Na zdjęciu jeden z łuków skalnych na plaży Legzira, na atlantyckim wybrzeżu Maroka. Tam będę, ale jeszcze nie teraz – dopiero podczas listopadowej fotowyprawy do Maroka. Notabene program tego wyjazdu właśnie został zmieniony i pokrywa się z poprzednim tylko w Marrakeszu… Atrakcyjne szczegóły już niedługo na stronie Klubu Podróży Horyzonty, u naszych fotomistrzów Ewy i Piotra oraz oczywiście na okfoto.pl.
4 odpowiedzi na “Wuj Matt w podróży”
znaczy sie, że nie będzie Ergu Chebbi? 🙁 kurcze…

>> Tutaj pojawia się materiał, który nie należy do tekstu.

(* For positive integers $n$ and $t$, the complete multipartite graph $K_{n\times t}$ (with $n$ parts each of size $t$) is integrable.
   Context: For a graph $G$ with adjacency matrix $A(G)$ and smallest eigenvalue $\theta_{\min}(G)$, $G$ is integrable if there is an integral matrix $N$ with $A(G)-\lfloor\theta_{\min}(G)\rfloor I=N^TN$. For $n\geq 2$, $K_{n\times t}$ is strongly regular with parameters $(nt,(n-1)t,(n-2)t,(n-1)t)$ and smallest eigenvalue $-t$. *)

theory Defs
  imports "Jordan_Normal_Form.Char_Poly"
begin

text \<open>A finite simple graph on vertex set {0..<v}, given by a symmetric irreflexive
  edge relation E. Its adjacency matrix is a v x v integer matrix.\<close>

definition adjacency_matrix :: "nat \<Rightarrow> (nat \<Rightarrow> nat \<Rightarrow> bool) \<Rightarrow> int mat" where
  "adjacency_matrix v E = mat v v (\<lambda>(i, j). if E i j then 1 else 0)"

definition theta_min :: "int mat \<Rightarrow> real" where
  "theta_min A = Min {k. eigenvalue (map_mat real_of_int A) k}"

definition integrable :: "nat \<Rightarrow> (nat \<Rightarrow> nat \<Rightarrow> bool) \<Rightarrow> bool" where
  "integrable v E \<longleftrightarrow>
     (\<exists>(N :: int mat) m. N \<in> carrier_mat m v \<and>
        adjacency_matrix v E - of_int \<lfloor>theta_min (adjacency_matrix v E)\<rfloor> \<cdot>\<^sub>m 1\<^sub>m v
          = transpose_mat N * N)"

text \<open>Complete multipartite graph K_{n x t}: vertices 0..<n*t, vertex i lies in part i div t,
  and two vertices are adjacent iff they lie in different parts.\<close>
definition Knt_vertices :: "nat \<Rightarrow> nat \<Rightarrow> nat" where
  "Knt_vertices n t = n * t"

definition Knt_edge :: "nat \<Rightarrow> nat \<Rightarrow> nat \<Rightarrow> bool" where
  "Knt_edge t i j \<longleftrightarrow> i div t \<noteq> j div t"

end

theory Submission
  imports Defs
begin

(* Let A be the adjacency matrix of K_{n x t}, J the all-ones matrix and L the Laplacian of
   n disjoint copies of K_t. Then A + t I = J + L, and J + L = N^T N for the integral matrix N
   whose rows are the all-ones vector and the vectors e_x - e_y, one for each pair x < y in a
   common part. So A + t I is positive semidefinite and every eigenvalue of A is at least -t.
   For n >= 2 the difference of the indicator vectors of two parts lies in the kernel of N,
   hence -t is an eigenvalue and theta_min = -t. For n = 1 the graph is edgeless,
   theta_min = 0, and the empty 0 x t matrix does the job. *)

lemma sum_lessThan_mult_div:
  fixes f :: "nat \<Rightarrow> 'a::comm_semiring_1"
  shows "(\<Sum>i<n * t. f (i div t)) = of_nat t * (\<Sum>p<n. f p)"
proof (cases "t = 0")
  case False
  have "(\<Sum>i<n * t. f (i div t)) = (\<Sum>p<n. \<Sum>i\<in>{p * t..<p * t + t}. f (i div t))"
    by (rule sum.nat_group[symmetric])
  also have "\<dots> = (\<Sum>p<n. of_nat t * f p)"
  proof (rule sum.cong)
    fix p
    have "i div t = p" if "i \<in> {p * t..<p * t + t}" for i
      using that by (simp add: div_nat_eqI mult.commute)
    then show "(\<Sum>i\<in>{p * t..<p * t + t}. f (i div t)) = of_nat t * f p" by simp
  qed simp
  finally show ?thesis by (simp add: sum_distrib_left)
qed simp

lemma card_div_eq:
  assumes "p < n"
  shows "card {i. i < n * t \<and> i div t = p} = t"
proof -
  have "card {i. i < n * t \<and> i div t = p} = (\<Sum>i<n * t. of_bool (i div t = p) :: nat)"
    by (simp add: Int_def conj_commute)
  also have "\<dots> = t * (\<Sum>q<n. of_bool (q = p))"
    using sum_lessThan_mult_div[where f = "\<lambda>q. of_bool (q = p) :: nat" and n = n and t = t] by simp
  finally show ?thesis using assms by simp
qed

lemma sum_oriented_edge_products:
  fixes P :: "('a \<times> 'a) set"
  assumes "finite P" and "\<And>x y. (x, y) \<in> P \<Longrightarrow> x \<noteq> y"
  shows "(\<Sum>(x, y)\<in>P. (of_bool (i = x) - of_bool (i = y)) * (of_bool (j = x) - of_bool (j = y))
           :: 'b::comm_ring_1)
    = (if i = j then of_nat (card {(x, y) \<in> P. i = x \<or> i = y})
       else - of_nat (card (P \<inter> {(i, j), (j, i)})))"
proof (cases "i = j")
  case True
  have "(\<Sum>(x, y)\<in>P. (of_bool (i = x) - of_bool (i = y)) * (of_bool (i = x) - of_bool (i = y))
           :: 'b)
      = (\<Sum>p\<in>P. of_bool (p \<in> {(x, y). i = x \<or> i = y}))"
    by (intro sum.cong) (auto simp: of_bool_def split: if_splits dest: assms(2))
  also have "\<dots> = of_nat (card {(x, y) \<in> P. i = x \<or> i = y})"
    using assms(1) by (simp add: Int_def) (rule arg_cong[where f = "\<lambda>A. of_nat (card A)"], auto)
  finally show ?thesis using True by simp
next
  case False
  have "(\<Sum>(x, y)\<in>P. (of_bool (i = x) - of_bool (i = y)) * (of_bool (j = x) - of_bool (j = y))
           :: 'b)
      = - (\<Sum>p\<in>P. of_bool (p \<in> {(i, j), (j, i)}))"
    unfolding sum_negf[symmetric] using False
    by (intro sum.cong) (auto simp: of_bool_def split: if_splits dest: assms(2))
  with False show ?thesis using assms(1) by (simp add: Int_def)
qed

lemma smult_one_mat_mult_vec:
  assumes "v \<in> carrier_vec n"
  shows "(c \<cdot>\<^sub>m 1\<^sub>m n) *\<^sub>v v = c \<cdot>\<^sub>v (v :: 'a::comm_ring_1 vec)"
proof (rule eq_vecI)
  fix i assume "i < dim_vec (c \<cdot>\<^sub>v v)"
  then have i: "i < n" using assms by simp
  have "row (c \<cdot>\<^sub>m 1\<^sub>m n) i = c \<cdot>\<^sub>v unit_vec n i"
    using i by (intro eq_vecI) auto
  then show "((c \<cdot>\<^sub>m 1\<^sub>m n) *\<^sub>v v) $ i = (c \<cdot>\<^sub>v v) $ i"
    using i assms by simp
qed (use assms in simp)

lemma gram_mat_of_rows_index:
  assumes "set rs \<subseteq> carrier_vec n" and "i < n" and "j < n"
  shows "(transpose_mat (mat_of_rows n rs) * mat_of_rows n rs) $$ (i, j)
    = (\<Sum>r\<leftarrow>rs. r $ i * r $ j)"
  using assms by (simp add: scalar_prod_def mat_of_rows_index sum_list_sum_nth atLeast0LessThan)

lemma eigenvalue_ge_of_shifted_gram:
  fixes M N :: "real mat"
  assumes N: "N \<in> carrier_mat m n" and M: "M \<in> carrier_mat n n"
    and gram: "M + c \<cdot>\<^sub>m 1\<^sub>m n = transpose_mat N * N" and "eigenvalue M k"
  shows "- c \<le> k"
proof -
  obtain v where v: "v \<in> carrier_vec n" "v \<noteq> 0\<^sub>v n" "M *\<^sub>v v = k \<cdot>\<^sub>v v"
    using assms(4) M unfolding eigenvalue_def eigenvector_def by auto
  have "transpose_mat N *\<^sub>v (N *\<^sub>v v) = (M + c \<cdot>\<^sub>m 1\<^sub>m n) *\<^sub>v v"
    using N v by (simp add: gram)
  also have "\<dots> = (k + c) \<cdot>\<^sub>v v"
    using M v
    by (simp add: add_mult_distrib_mat_vec smult_one_mat_mult_vec add_smult_distrib_vec)
  finally have "(k + c) * (v \<bullet> v) = (N *\<^sub>v v) \<bullet> (N *\<^sub>v v)"
    using transpose_vec_mult_scalar[OF N v(1), of "N *\<^sub>v v"] N v by simp
  moreover have "0 \<le> (N *\<^sub>v v) \<bullet> (N *\<^sub>v v)"
    using conjugate_square_ge_0_vec[of "N *\<^sub>v v"] by simp
  moreover have "0 < v \<bullet> v"
    using conjugate_square_greater_0_vec[OF v(1)] v(2) by simp
  ultimately show ?thesis
    using zero_le_mult_iff[of "k + c" "v \<bullet> v"] by linarith
qed

lemma eigenvalue_of_shifted_gram_kernel:
  fixes M N :: "real mat"
  assumes N: "N \<in> carrier_mat m n" and M: "M \<in> carrier_mat n n"
    and gram: "M + c \<cdot>\<^sub>m 1\<^sub>m n = transpose_mat N * N"
    and w: "w \<in> carrier_vec n" "w \<noteq> 0\<^sub>v n" and kernel: "N *\<^sub>v w = 0\<^sub>v m"
  shows "eigenvalue M (- c)"
proof -
  have "M *\<^sub>v w + c \<cdot>\<^sub>v w = (M + c \<cdot>\<^sub>m 1\<^sub>m n) *\<^sub>v w"
    using M w by (simp add: add_mult_distrib_mat_vec smult_one_mat_mult_vec)
  also have "\<dots> = transpose_mat N *\<^sub>v (N *\<^sub>v w)"
    using N w by (simp add: gram)
  also have "\<dots> = 0\<^sub>v n"
    using N by (intro eq_vecI) (auto simp: kernel)
  finally have sum0: "M *\<^sub>v w + c \<cdot>\<^sub>v w = 0\<^sub>v n" .
  have "M *\<^sub>v w = - c \<cdot>\<^sub>v w"
  proof (rule eq_vecI)
    fix i assume "i < dim_vec (- c \<cdot>\<^sub>v w)"
    then have i: "i < n" using w by simp
    then have "(M *\<^sub>v w + c \<cdot>\<^sub>v w) $ i = 0" by (simp only: sum0 index_zero_vec)
    then show "(M *\<^sub>v w) $ i = (- c \<cdot>\<^sub>v w) $ i"
      using M w i by (simp add: eq_neg_iff_add_eq_0)
  qed (use M w in simp)
  then show ?thesis
    using M w unfolding eigenvalue_def eigenvector_def by auto
qed

lemma Min_eigenvalue_of_shifted_gram:
  fixes M N :: "real mat"
  assumes N: "N \<in> carrier_mat m n" and M: "M \<in> carrier_mat n n"
    and gram: "M + c \<cdot>\<^sub>m 1\<^sub>m n = transpose_mat N * N"
    and "w \<in> carrier_vec n" "w \<noteq> 0\<^sub>v n" "N *\<^sub>v w = 0\<^sub>v m"
  shows "Min {k. eigenvalue M k} = - c"
proof (rule Min_eqI)
  have "finite {k. poly (char_poly M) k = 0}"
    using degree_monic_char_poly[OF M] by (intro poly_roots_finite) auto
  then show "finite {k. eigenvalue M k}"
    using eigenvalue_root_char_poly[OF M] by simp
  show "- c \<le> k" if "k \<in> {k. eigenvalue M k}" for k
    using eigenvalue_ge_of_shifted_gram[OF N M gram] that by simp
  show "- c \<in> {k. eigenvalue M k}"
    using eigenvalue_of_shifted_gram_kernel[OF assms] by simp
qed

a ty dokąd podążasz teraz??
Ergu nie będzie ale będą miejsca, które go godnie zastąpią. Na przykład góry Antyatlas, które wyglądają jeszcze lepiej niż Atlas… Albo ta plaża Legzira – unikat na światową skalę. I będzie cysterna jak lochy zamkowe, i kolorowe kutry w porcie w Essaouirze. I nie tylko…
Na razie nie chcę zapeszać i nie piszę dokładnie. Będę informował tak szybko jak się da 🙂
Brak Ergu Chebbi to moja wina. Postawiłem stanowcze veto przeciwko zwiększaniu liczby kilometrów do przejechania o 1000.